Adaptec 1430SA Raid.

J'ai 7 disques durs :

un SSD Intel postville 40G sur lequel sont installés /dev/sda1 (boot), /dev/sda2 (système)

un vieux disque Seagate qui sert pour /var, /tmp, /home et la swap

5 x WD 2To S-ATA II 64Mo (Caviar Green) montés en RAID5 formant /dev/md0

Ce dernier est relié à mon PC sous Win7 en ethernet (câble croisé) et est également connecté en Wifi. J'ai l'impression que ce problème survient (sans en être convaincu) principalement quand le serveur est démarré avant mon PC. 
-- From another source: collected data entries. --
lemma quadric_poly_matrix:
  fixes M :: "real^'n::finite^'n"
  shows "quadric_poly (\<lambda>i j. M $ i $ j) (\<lambda>i. a $ i) c z = z \<bullet> (M *v z) + a \<bullet> z + c"
  by (simp add: quadric_poly_def inner_vec_def matrix_vector_mult_def sum_distrib_left mult_ac)

lemma algebraic_set_zero_set: "poly_fun p \<Longrightarrow> algebraic_set {x. p x = 0}"
  unfolding algebraic_set_def by (rule exI[of _ "{p}"]) auto

lemma algebraic_set_Int:
  assumes "algebraic_set A" "algebraic_set B"
  shows "algebraic_set (A \<inter> B)"
proof -
  obtain P where "\<forall>p\<in>P. poly_fun p" "A = {x. \<forall>p\<in>P. p x = 0}"
    using assms(1) unfolding algebraic_set_def by blast
  moreover obtain P' where "\<forall>p\<in>P'. poly_fun p" "B = {x. \<forall>p\<in>P'. p x = 0}"
    using assms(2) unfolding algebraic_set_def by blast
  ultimately show ?thesis
    unfolding algebraic_set_def by (intro exI[of _ "P \<union> P'"]) auto
qed

lemma algebraic_set_hyperplane: "algebraic_set {x::real^'n::finite. a \<bullet> x = b}"
proof -
  have "{x::real^'n. a \<bullet> x = b} = {x. quadric_poly (\<lambda>_ _. 0) (\<lambda>i. a $ i) (- b) x = 0}"
    by (auto simp: quadric_poly_def inner_vec_def mult.commute)
  then show ?thesis
    by (simp only:) (rule algebraic_set_zero_set[OF poly_fun_quadric_poly])
qed

lemma irreducible_algebraic_curve_subset:
  assumes "irreducible_algebraic_curve \<gamma>" "algebraic_set Z" "S \<subseteq> \<gamma> \<inter> Z" "infinite S"
  shows "\<gamma> \<subseteq> Z"
proof (rule ccontr)
  assume "\<not> \<gamma> \<subseteq> Z"
  moreover have "algebraic_set (\<gamma> \<inter> Z)"
    using assms(1,2) algebraic_set_Int
    by (auto simp: irreducible_algebraic_curve_def irreducible_algebraic_set_def)
  ultimately have "finite (\<gamma> \<inter> Z)"
    using assms(1) unfolding irreducible_algebraic_curve_def by blast
  then show False
    using assms(3,4) finite_subset by blast
qed

lemma infinite_subset_curve_not_in_hyperplane:
  assumes "irreducible_algebraic_curve \<gamma>" "\<forall>H. hyperplane H \<longrightarrow> \<not> \<gamma> \<subseteq> H"
    and "S \<subseteq> \<gamma>" "infinite S" "a \<noteq> 0"
  shows "\<not> S \<subseteq> {z. a \<bullet> z = b}"
  using irreducible_algebraic_curve_subset[OF assms(1) algebraic_set_hyperplane, of S a b] assms
  unfolding hyperplane_def by blast

lemma curve_subset_quadric_surface:
  fixes M :: "real^'n::finite^'n"
  assumes "irreducible_algebraic_curve \<gamma>" "S \<subseteq> \<gamma>" "infinite S"
    and "\<forall>z\<in>S. z \<bullet> (M *v z) + a \<bullet> z + c = 0" "\<exists>z. z \<bullet> (M *v z) + a \<bullet> z + c \<noteq> 0"
  shows "\<exists>Q. quadric_surface Q \<and> \<gamma> \<subseteq> Q"
proof (intro exI conjI)
  define q where "q = quadric_poly (\<lambda>i j. M $ i $ j) (\<lambda>i. a $ i) c"
  show "quadric_surface {x. q x = 0}"
    unfolding quadric_surface_def q_def
    by (intro exI[of _ "\<lambda>i j. M $ i $ j"] exI[of _ "\<lambda>i. a $ i"] exI[of _ c] conjI)
      (use assms(5) in \<open>simp_all add: quadric_poly_matrix\<close>)
  have "algebraic_set {x. q x = 0}"
    unfolding q_def by (rule algebraic_set_zero_set[OF poly_fun_quadric_poly])
  then show "\<gamma> \<subseteq> {x. q x = 0}"
    by (rule irreducible_algebraic_curve_subset[OF assms(1) _ _ assms(3)])
      (use assms(2,4) in \<open>auto simp: q_def quadric_poly_matrix\<close>)
qed

section \<open>Differentiating the distance identity\<close>

lemma has_vector_derivative_vec_componentwise:
  fixes f :: "real \<Rightarrow> real^'n::finite"
  assumes "\<And>i. ((\<lambda>x. f x $ i) has_field_derivative d i) (at x0)"
  shows "(f has_vector_derivative (\<chi> i. d i)) (at x0)"
  unfolding has_vector_derivative_def
proof (subst has_derivative_componentwise_within, intro ballI)
  fix b :: "real^'n" assume "b \<in> Basis"
  then obtain i where b: "b = axis i 1" by (auto simp: Basis_vec_def)
  have "((\<lambda>x. f x $ i) has_derivative (\<lambda>h. d i * h)) (at x0)"
    using assms[of i] by (simp add: has_field_derivative_def)
  then show "((\<lambda>x. f x \<bullet> b) has_derivative (\<lambda>h. (h *\<^sub>R (\<chi> i. d i)) \<bullet> b)) (at x0)"
    by (simp add: b inner_axis mult.commute)
qed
Est-ce quelqu'un a une idée de comment je peux le résoudre sachant qu'il apparaît de temps à autre et que le peu d'informations que j'ai pu trouver concerne des cas où les PC ne fonctionnent pas du tout alors que dans mon cas, c'est plutôt aléatoire. 

Je n'ai pas encore eu l'occasion de tester la RAM avec memtest (memtest86+ ne se lance tout simplement pas quand je tente de le mettre dans grub) mais j'ai du mal à voir comment cela peut faire déconner le boot que dans certains (rares) cas.

----------